Она развязала шнурки кошелька и подошла к окну, где было виднее. Порывшись там, достала маленький носовой платок с завернутыми в него монетами.
— Вот, пожалуйста. Не скажете, как найти Бернаду? Я хочу заказать ей кое-что для себя.
— Вот, видишь, со мной ничего не случилось, — сказала Хуана ждущему мужу, войдя в ворота. — А где все? Сеньор Исаак, сеньора Ракель, Сибилла?
— Я здесь, — отозвался Исаак. — Я услышал ваши шаги у ворот и очень хотел спросить, узнали вы хоть что-нибудь?
— Узнала, — ответила она. — Выяснила, что Франсеска не истратила ни гроша из выделяемых денег на то, что ей нужно для себя. Они постоянно уходят к парфюмерше, где Франсеска покупает какой-то особый крем для кожи, за который, подозреваю, платит сумасшедшие деньги. Делает его эта гадалка, Бернада, специально для Франсески.
— Думаю, пора поговорить с этой Бернадой, — сказал Исаак.
— Согласна, — сказала Хуана. — Пойду, позову Хайме. Он тоже должен об этом знать.
— После потери ребенка, — говорила Франсеска, снова плача, когда в комнату бесшумно вошла Хуана, а за ней Исаак и Понс, — я пошла к Бернаде, этой гадалке, потому что к ней обращалась одна знакомая и сказала, что она поразительная. Так и оказалось. Я только хотела узнать, будет ли у меня еще ребенок, но Бернада как будто бы знала обо мне все.
— Что именно, Франсеска? — мягко спросила Ракель. — Если только можешь сказать это нам.
— Когда я только вошла, она приветствовала меня, назвав по фамилии отца, не отчима, и сказала, что видит большие горы вокруг места моего рождения. А потом, что видит опасность, особенно от огня, и что мне нужно всячески беречься его. Как я могла усомниться, что Бернада обладает волшебными способностями? Я чуть с ума не сошла, потому что огня боюсь ужасно. — Франсеска отхлебнула немного бульона и продолжала: — Она знала все о моей семье, откуда мы, что сделали, какие были у нас проблемы. Все. Это было жутко.
— А потом?
— А потом сказала, что людей до сих пор сжигают на кострах, если подозревают, что они продолжают держаться прежних еретических взглядов, и если я не хочу, чтобы такое случилось со мной, это будет стоить больших денег. И с тех пор я платила ей, но больше платить не могу.
— С какой стати платить?
— Моя мать была до конца верна чистым, — ответила Франсеска. — И другие члены семейства тоже.
— Как ты узнала об этом?
— От Бернады. Я знала, что мать была в определенном смысле верной до конца, и Бернада сказала мне о других. Я знала всех этих людей, и Бернада обещала стереть память о вере матери из сознания ее соседей и знакомых, чтобы они не могли донести на меня. Для этого ей нужно будет поехать туда, где они живут, и заниматься каждой группой отдельно. Сказала, что это будет дорого стоить.
— И ты поверила ей?
— Да, — ответила Франсеска. — Нет. Не совсем. Я боялась, что все это правда. По крайней мере знала, что она может на меня донести.

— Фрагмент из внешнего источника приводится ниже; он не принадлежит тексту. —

lemma dist_le_of_shadowing_recurrent:
  assumes "continuous_on X f" "f ` X \<subseteq> X" "z \<in> recurrent_points X f"
    and shadow: "\<And>i. dist ((f ^^ i) z) (P i) < \<epsilon>" and period: "\<And>m. m \<ge> T \<Longrightarrow> P (m + t) = P m"
  shows "dist (P 0) (P t) < 6 * \<epsilon>"
proof -
  have "z \<in> X" using assms(3) recurrent_points_subset by blast
  have "\<epsilon> > 0" using shadow[of 0] zero_le_dist[of "(f ^^ 0) z" "P 0"] by linarith
  obtain r :: "nat \<Rightarrow> nat" where r: "strict_mono r" "(\<lambda>i. (f ^^ r i) z) \<longlonglongrightarrow> z"
    using assms(3) unfolding recurrent_points_def by blast
  have "(\<lambda>i. (f ^^ t) ((f ^^ r i) z)) \<longlonglongrightarrow> (f ^^ t) z"
    using funpow_image_subset[OF assms(2)] \<open>z \<in> X\<close>
    by (intro continuous_on_tendsto_compose[OF continuous_on_funpow[OF assms(1,2)] r(2) \<open>z \<in> X\<close>]
        always_eventually) blast
  then have "\<forall>\<^sub>F i in sequentially. dist ((f ^^ t) ((f ^^ r i) z)) ((f ^^ t) z) < \<epsilon>"
    using \<open>\<epsilon> > 0\<close> unfolding tendsto_iff by blast
  moreover have "\<forall>\<^sub>F i in sequentially. dist ((f ^^ r i) z) z < \<epsilon>"
    using r(2) \<open>\<epsilon> > 0\<close> unfolding tendsto_iff by blast
  moreover have "\<forall>\<^sub>F i in sequentially. i \<ge> T" by (rule eventually_ge_at_top)
  ultimately have "\<forall>\<^sub>F i in sequentially. dist ((f ^^ t) ((f ^^ r i) z)) ((f ^^ t) z) < \<epsilon> \<and>
      dist ((f ^^ r i) z) z < \<epsilon> \<and> i \<ge> T"
    by (intro eventually_conj)
  then obtain j where j: "dist ((f ^^ t) ((f ^^ r j) z)) ((f ^^ t) z) < \<epsilon>"
      "dist ((f ^^ r j) z) z < \<epsilon>" "j \<ge> T"
    unfolding eventually_sequentially by blast
  define m where "m = r j"
  have "m \<ge> T" using j(3) seq_suble[OF r(1), of j] by (simp add: m_def)
  have orbit_shift: "(f ^^ (m + t)) z = (f ^^ t) ((f ^^ m) z)"
    by (simp add: funpow_add add.commute[of m])
  text \<open>Along the shadowing orbit, \<open>P t\<close> is reached from \<open>P 0\<close> through the point \<open>P m = P (m + t)\<close>.\<close>
  have "dist (P 0) (P t) \<le> dist (P 0) z + dist z ((f ^^ m) z) + dist ((f ^^ m) z) (P m)
      + dist (P m) ((f ^^ (m + t)) z) + dist ((f ^^ (m + t)) z) ((f ^^ t) z) + dist ((f ^^ t) z) (P t)"
    using dist_triangle[of "P 0" "P t" z] dist_triangle[of z "P t" "(f ^^ m) z"]
      dist_triangle[of "(f ^^ m) z" "P t" "P m"] dist_triangle[of "P m" "P t" "(f ^^ (m + t)) z"]
      dist_triangle[of "(f ^^ (m + t)) z" "P t" "(f ^^ t) z"]
    by linarith
  moreover have "dist (P 0) z < \<epsilon>" "dist ((f ^^ m) z) (P m) < \<epsilon>" "dist ((f ^^ t) z) (P t) < \<epsilon>"
    using shadow[of 0] shadow[of m] shadow[of t] by (simp_all add: dist_commute)
  moreover have "dist z ((f ^^ m) z) < \<epsilon>" using j(2) by (simp add: m_def dist_commute)
  moreover have "dist (P m) ((f ^^ (m + t)) z) < \<epsilon>"
    using shadow[of "m + t"] period[OF \<open>m \<ge> T\<close>] by (simp add: dist_commute)
  moreover have "dist ((f ^^ (m + t)) z) ((f ^^ t) z) < \<epsilon>"
    using j(1) unfolding orbit_shift by (simp add: m_def)
  ultimately show ?thesis by linarith
qed

lemma eventually_periodic_pseudo_orbit_connected:
  assumes "connected C" "C \<subseteq> recurrent_points X f" "f ` X \<subseteq> X" "\<delta> > 0" "a \<in> C" "b \<in> C"
  obtains P t T where "pseudo_orbit X f \<delta> P" "P 0 = a" "P t = b" "\<And>m. m \<ge> T \<Longrightarrow> P (m + t) = P m"
proof -
  obtain n where n: "n \<ge> 1" "chain_between X f \<delta> n a a"
    using chain_between_recurrent_connected[OF assms(1-5,5)] by blast
  obtain t where t: "n dvd t" "chain_between X f \<delta> t a b"
    using chain_between_dvd_recurrent_connected[OF assms(1-6) n(1)] by blast
  obtain l where l: "chain_between X f \<delta> l b a"
    using chain_between_recurrent_connected[OF assms(1-4,6,5)] by blast
  have "n > 0" using n(1) by simp
  with t(2) l n(2) show thesis using t(1) that by (rule eventually_periodic_pseudo_orbit)
qed

lemma connected_subset_singleton_of_Sh:
  assumes "continuous_on X f" "f ` X \<subseteq> X" "x \<in> Sh X f" "connected C" "x \<in> C" "C \<subseteq> X"
    and "\<Delta> > 0" "nbhd X C \<Delta> \<subseteq> recurrent_points X f"
  shows "C \<subseteq> {x}"
proof
  have near: "y \<in> recurrent_points X f" if "y \<in> X" "c \<in> C" "dist y c < \<Delta>" for y c
    using that assms(8) unfolding nbhd_def by blast
  have "C \<subseteq> recurrent_points X f" using near assms(6,7) by fastforce
  fix p assume "p \<in> C"
  show "p \<in> {x}"
  proof (rule ccontr)
    assume "p \<notin> {x}"
    define \<epsilon> where "\<epsilon> = min \<Delta> (dist x p / 6)"
    have "\<epsilon> > 0" using assms(7) \<open>p \<notin> {x}\<close> by (simp add: \<epsilon>_def)
    then obtain \<delta> where "\<delta> > 0" and shad: "\<And>xs. pseudo_orbit X f \<delta> xs \<Longrightarrow> xs 0 = x \<Longrightarrow> shadowed X f \<epsilon> xs"
      using assms(3) unfolding Sh_def by blast
    obtain P t T where P: "pseudo_orbit X f \<delta> P" "P 0 = x" "P t = p" "\<And>m. m \<ge> T \<Longrightarrow> P (m + t) = P m"
      using eventually_periodic_pseudo_orbit_connected[OF assms(4) \<open>C \<subseteq> recurrent_points X f\<close>
            assms(2) \<open>\<delta> > 0\<close> assms(5) \<open>p \<in> C\<close>] by blast
    obtain z where "z \<in> X" and shadow: "\<And>i. dist ((f ^^ i) z) (P i) < \<epsilon>"
      using shad[OF P(1,2)] unfolding shadowed_def by blast
    have "z \<in> recurrent_points X f"
      using near[OF \<open>z \<in> X\<close> assms(5)] shadow[of 0] P(2) by (simp add: \<epsilon>_def)
    then have "dist x p < 6 * \<epsilon>"
      using dist_le_of_shadowing_recurrent[OF assms(1,2) _ shadow P(4)] P(2,3) by simp
    then show False by (simp add: \<epsilon>_def)
  qed
qed

lemma nbhd_mono: "A \<subseteq> B \<Longrightarrow> nbhd X A \<delta> \<subseteq> nbhd X B \<delta>"
  unfolding nbhd_def by blast

lemma connected_component_subset_comp_hull:
  "x \<in> X \<Longrightarrow> x \<in> A \<Longrightarrow> connected_component_set X x \<subseteq> comp_hull X A"
  unfolding comp_hull_def using componentsI connected_component_refl_eq by blast

theorem lemma3p6:
  fixes X :: "'a::metric_space set" and f :: "'a \<Rightarrow> 'a"
  assumes "compact X" and "continuous_on X f" and "f ` X \<subseteq> X"
    and "\<exists>\<delta>>0. nbhd X (comp_hull X (Sh X f)) \<delta> \<subseteq> recurrent_points X f"
  shows "Sh X f \<subseteq> degenerate_points X"
proof
  fix x assume xS: "x \<in> Sh X f"
  then have "x \<in> X" by (simp add: Sh_def)
  obtain \<Delta> where \<Delta>: "\<Delta> > 0" "nbhd X (comp_hull X (Sh X f)) \<Delta> \<subseteq> recurrent_points X f"
    using assms(4) by blast
  have "nbhd X (connected_component_set X x) \<Delta> \<subseteq> recurrent_points X f"
    using nbhd_mono[OF connected_component_subset_comp_hull[OF \<open>x \<in> X\<close> xS]] \<Delta>(2) by (rule order_trans)
  then have "connected_component_set X x \<subseteq> {x}"
    using connected_subset_singleton_of_Sh[OF assms(2,3) xS connected_connected_component _
        connected_component_subset \<Delta>(1)] \<open>x \<in> X\<close> by (simp add: connected_component_refl)
  then show "x \<in> degenerate_points X"
    using \<open>x \<in> X\<close> connected_component_refl_eq unfolding degenerate_points_def by blast
qed

end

— О том, что у тебя была глупая мать, дорогая моя? — сказала Хуана. — Об этом не доносят.
Их прервал осторожный стук в дверь и появление Фаусты, служанки.
— Во дворе сеньор Пау и сеньор Роже Бернард, они хотят поговорить с сеньорой Сибиллой, — негромко сказала она.
— Сейчас иду, — сказала Сибилла.
— Одна? Кому-нибудь нужно… — сказала Хуана, с отчаянием оглядываясь по сторонам.
— Не беспокойся, Хуана, — сказала Сибилла. — Обещаю хорошо вести себя во дворе. И Пау с Роже Бернардом кажутся довольно надежными.
— Конечно, они надежные, — сказала Хуана. — Только…
За Сибиллой закрылась дверь, оборвав слабые возражения Хуаны.
— Сеньоры, — сказала Сибилла. — Вы звали меня, и вот я.
— Как сеньора Франсеска?
— Понемногу садится, пьет бульон и говорит. Где вы были, что не знаете?
— У его преосвященства, — ответил Пау. — Рассказали ему все, потом подумали — довольно поздно — что это не совсем наша история, и нам следовало посоветоваться с вами. И вот мы здесь. Чтобы посоветоваться.
— Точнее, рассказать, что мы уже сделали, — сказал Роже Бернард.
— На тот случай, если я захочу умчаться, как ветер, чтобы сесть на первое же судно, отплывающее из этой страны? — спросила она.
— Конечно, — сказал Пау, — если возникнет такое желание.
— Так вот, такого желания у меня не возникает, — сказала она. — Но оно могло бы возникнуть. Надо было б спросить меня раньше. Что вы рассказали ему?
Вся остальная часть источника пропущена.